Сара втайне боялась, что в Лондоне Бобби найдет кавалера, обручится и быстренько выйдет замуж, но этого не случилось. Ни один джентльмен не показался мисс Уэвертон достойным ее внимания, а родители не торопились подыскивать для своей любимицы подходящую партию, впереди еще будет не один сезон… К тому же принудить Бобби к чему-либо еще никому не удавалось.
Сара уже с огорчением думала, что осенью опять расстанется с подругой на два долгих месяца. Однако сегодняшнее известие подняло ей настроение — приезжает Артур Уэвертон, он пропустил день рождения Бобби в феврале, и теперь наверняка будет устроено какое-нибудь необыкновенное празднество.
Свое восемнадцатилетие Роберта встретила в Лондоне. Там, конечно, состоялся бал с подобающим количеством подарков и знатных гостей, но без брата и лучшей подруги именинница не была в должной степени счастлива, и леди Уэвертон пообещала дочери повторить день рождения летом в поместье, где будут самые дорогие ей люди. А в августе Уэвертоны собирались с не меньшим размахом отпраздновать день рождения Сары, правда, ничего не говорили ей заранее из опасений смутить бедняжку.
Именно о возвращении брата и хотела сообщить Бобби, когда с обычной своей бесцеремонностью ворвалась в скромный садик Фоскеров. Миссис Фоскер тотчас удалилась в дом, она чувствовала неприязненное отношение к себе мисс Уэвертон, впрочем, Бобби его и не скрывала.
— Подумать только, мой брат — уже наполовину образованный джентльмен, — хихикала Бобби, сидя на скамейке и неприлично болтая ногами. — Надеюсь, он не станет смотреть высокомерно на своих деревенских подружек, иначе мисс Хилл-сток умрет от тоски.
— По-моему, тебе только этого и хочется, — засмеялась Сара, продолжавшая пропалывать грядку.
— Еще бы, все ее подруги уже вышли замуж, а бедняжка Бет все еще надеется, что Артур женится на ней. А ведь ей уже минуло двадцать один! — ехидно заметила Роберта.

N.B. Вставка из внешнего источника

lemma edge_compose_iff:
  assumes i: "i < length ts" and j: "j < length ts"
    and u: "u \<in> set (leaves (ts ! i))" and v: "v \<in> set (leaves (ts ! j))"
  shows "{u, v} \<in> compose (Node E ts) \<longleftrightarrow> (if i = j then {u, v} \<in> compose (ts ! i) else {i, j} \<in> E)"
proof
  assume "{u, v} \<in> compose (Node E ts)"
  then consider (inner) l where "l < length ts" "{u, v} \<in> compose (ts ! l)"
    | (cross) x y a b where "{u, v} = {x, y}" "{a, b} \<in> E" "a < length ts" "b < length ts"
        "x \<in> set (leaves (ts ! a))" "y \<in> set (leaves (ts ! b))"
    by (auto simp: in_set_conv_nth[of _ ts])
  then show "if i = j then {u, v} \<in> compose (ts ! i) else {i, j} \<in> E"
  proof cases
    case inner
    with compose_subset_leaves have "u \<in> set (leaves (ts ! l))" "v \<in> set (leaves (ts ! l))"
      by blast+
    with inner child_unique i j u v have "l = i" "l = j" by blast+
    with inner show ?thesis by simp
  next
    case cross
    have "{i, j} = {a, b}"
      using cross(1) child_unique[OF i cross(3) u] child_unique[OF i cross(4) u]
        child_unique[OF j cross(3) v] child_unique[OF j cross(4) v] cross(5,6)
      by (auto simp: doubleton_eq_iff)
    then show ?thesis using cross(2) loopless by auto
  qed
next
  assume "if i = j then {u, v} \<in> compose (ts ! i) else {i, j} \<in> E"
  then show "{u, v} \<in> compose (Node E ts)"
    using i j u v by (auto split: if_splits)
qed

lemma neighbours_compose:
  assumes i: "i < length ts" and u: "u \<in> set (leaves (ts ! i))"
  shows "{w. {w, u} \<in> compose (Node E ts)} =
    {w. {w, u} \<in> compose (ts ! i)} \<union> (\<Union>j\<in>{j. j < length ts \<and> {j, i} \<in> E}. set (leaves (ts ! j)))"
proof (rule Set.set_eqI)
  fix w
  show "w \<in> {w. {w, u} \<in> compose (Node E ts)} \<longleftrightarrow>
    w \<in> {w. {w, u} \<in> compose (ts ! i)} \<union> (\<Union>j\<in>{j. j < length ts \<and> {j, i} \<in> E}. set (leaves (ts ! j)))"
  proof (cases "\<exists>j<length ts. w \<in> set (leaves (ts ! j))")
    case True
    then obtain j where j: "j < length ts" "w \<in> set (leaves (ts ! j))" by blast
    have iff: "{w, u} \<in> compose (Node E ts) \<longleftrightarrow> (if j = i then {w, u} \<in> compose (ts ! i) else {j, i} \<in> E)"
      using edge_compose_iff[OF j(1) i j(2) u] by simp
    have union: "w \<in> (\<Union>j\<in>{j. j < length ts \<and> {j, i} \<in> E}. set (leaves (ts ! j))) \<longleftrightarrow> {j, i} \<in> E"
      using child_unique[OF j(1) _ j(2)] j by blast
    have "j = i" if "{w, u} \<in> compose (ts ! i)"
      using compose_subset_leaves[OF that] child_unique[OF i j(1) _ j(2)] by blast
    then show ?thesis
      unfolding Un_iff mem_Collect_eq iff union using loopless by auto
  next
    case False
    hence "w \<notin> set (leaves (Node E ts))"
      by (auto simp: in_set_conv_nth[of _ ts])
    hence "{w, u} \<notin> compose (Node E ts)"
      using compose_subset_leaves by blast
    moreover have "{w, u} \<notin> compose (ts ! i)"
      using compose_subset_leaves False i by blast
    ultimately show ?thesis
      using False by blast
  qed
qed

lemma deg_compose:
  assumes i: "i < length ts" and u: "u \<in> set (leaves (ts ! i))"
  shows "deg (compose (Node E ts)) u = deg (compose (ts ! i)) u + Nchild E ts i"
proof -
  define J where "J = {j. j < length ts \<and> {j, i} \<in> E}"
  have inner: "{w. {w, u} \<in> compose (ts ! i)} \<subseteq> set (leaves (ts ! i))"
    using compose_subset_leaves by blast
  have "i \<notin> J"
    using loopless by (simp add: J_def)
  hence disjoint: "{w. {w, u} \<in> compose (ts ! i)} \<inter> (\<Union>j\<in>J. set (leaves (ts ! j))) = {}"
    using inner leaves_children_disjoint[OF i] by (fastforce simp: J_def)
  have "card (\<Union>j\<in>J. set (leaves (ts ! j))) = (\<Sum>j\<in>J. card (set (leaves (ts ! j))))"
    using leaves_children_disjoint by (intro card_UN_disjoint) (auto simp: J_def)
  also have "\<dots> = Nchild E ts i"
    using distinct_leaves_child by (simp add: Nchild_def J_def distinct_card)
  finally have "card (\<Union>j\<in>J. set (leaves (ts ! j))) = Nchild E ts i" .
  moreover have "finite (\<Union>j\<in>J. set (leaves (ts ! j)))"
    by (simp add: J_def)
  ultimately show ?thesis
    unfolding deg_def neighbours_compose[OF i u] J_def[symmetric]
    using disjoint finite_subset[OF inner] by (simp add: card_Un_disjoint)
qed

end

section \<open>One level of the factorization\<close>

definition phi_entry :: "'v set set \<Rightarrow> real \<Rightarrow> real \<Rightarrow> 'v \<Rightarrow> 'v \<Rightarrow> real" where
  "phi_entry Ed x t u v = (if u = v then x + t * real (deg Ed u) else 0) - (if {u, v} \<in> Ed then 1 else 0)"

lemma phi_graph_eq_det_mat_on:
  fixes vs :: "'v::linorder list"
  assumes "distinct vs"
  shows "phi_graph (set vs) Ed x t = det (mat_on vs (phi_entry Ed x t))"
proof -
  let ?ws = "sorted_list_of_set (set vs)"
  have "phi_graph (set vs) Ed x t = det (mat_on ?ws (phi_entry Ed x t))"
    unfolding phi_graph_def Let_def
    by (rule arg_cong[where f = det])
      (auto simp: mat_on_def phi_entry_def nth_eq_iff_index_eq intro!: eq_matI)
  also have "\<dots> = det (mat_on vs (phi_entry Ed x t))"
    by (rule det_mat_on_mset_eq) (simp add: assms sorted_list_of_set_sort_remdups distinct_remdups_id)
  finally show ?thesis .
qed

lemma sum_list_phi_entry_row:
  assumes d: "distinct vs" and u: "u \<in> set vs" and edges: "\<And>e. e \<in> Ed \<Longrightarrow> e \<subseteq> set vs"
  shows "sum_list (map (phi_entry Ed x t u) vs) = x + t * real (deg Ed u) - real (deg Ed u)"
proof -
  have "sum_list (map (phi_entry Ed x t u) vs) =
      (\<Sum>v\<in>set vs. if u = v then x + t * real (deg Ed u) else 0) - (\<Sum>v\<in>set vs. if {u, v} \<in> Ed then 1 else 0)"
    using d by (simp add: sum_list_distinct_conv_sum_set phi_entry_def sum_subtractf)
  also have "(\<Sum>v\<in>set vs. if {u, v} \<in> Ed then 1 else 0) = real (card {v \<in> set vs. {u, v} \<in> Ed})"
    by (simp flip: sum.inter_filter)
  also have "{v \<in> set vs. {u, v} \<in> Ed} = {v. {v, u} \<in> Ed}"
    using edges by (auto simp: insert_commute)
  finally show ?thesis
    using u by (simp add: deg_def)
qed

Сара промолчала, и после паузы мисс Уэвертон продолжила:
— Артуру осталось учиться еще целых два года, к тому времени Бет Хиллсток исполнится двадцать три года, и ее станут называть старой девой.
— А нам будет уже двадцать, — задумчиво и невпопад ответила Сара.
— Уж лучше бы двадцать один, — тут же откликнулась Роберта. — Тогда ты наконец-то сможешь избавиться от опеки дяди и заниматься делами своего поместья!
— Я все равно ничего в этом не понимаю, — отмахнулась Сара.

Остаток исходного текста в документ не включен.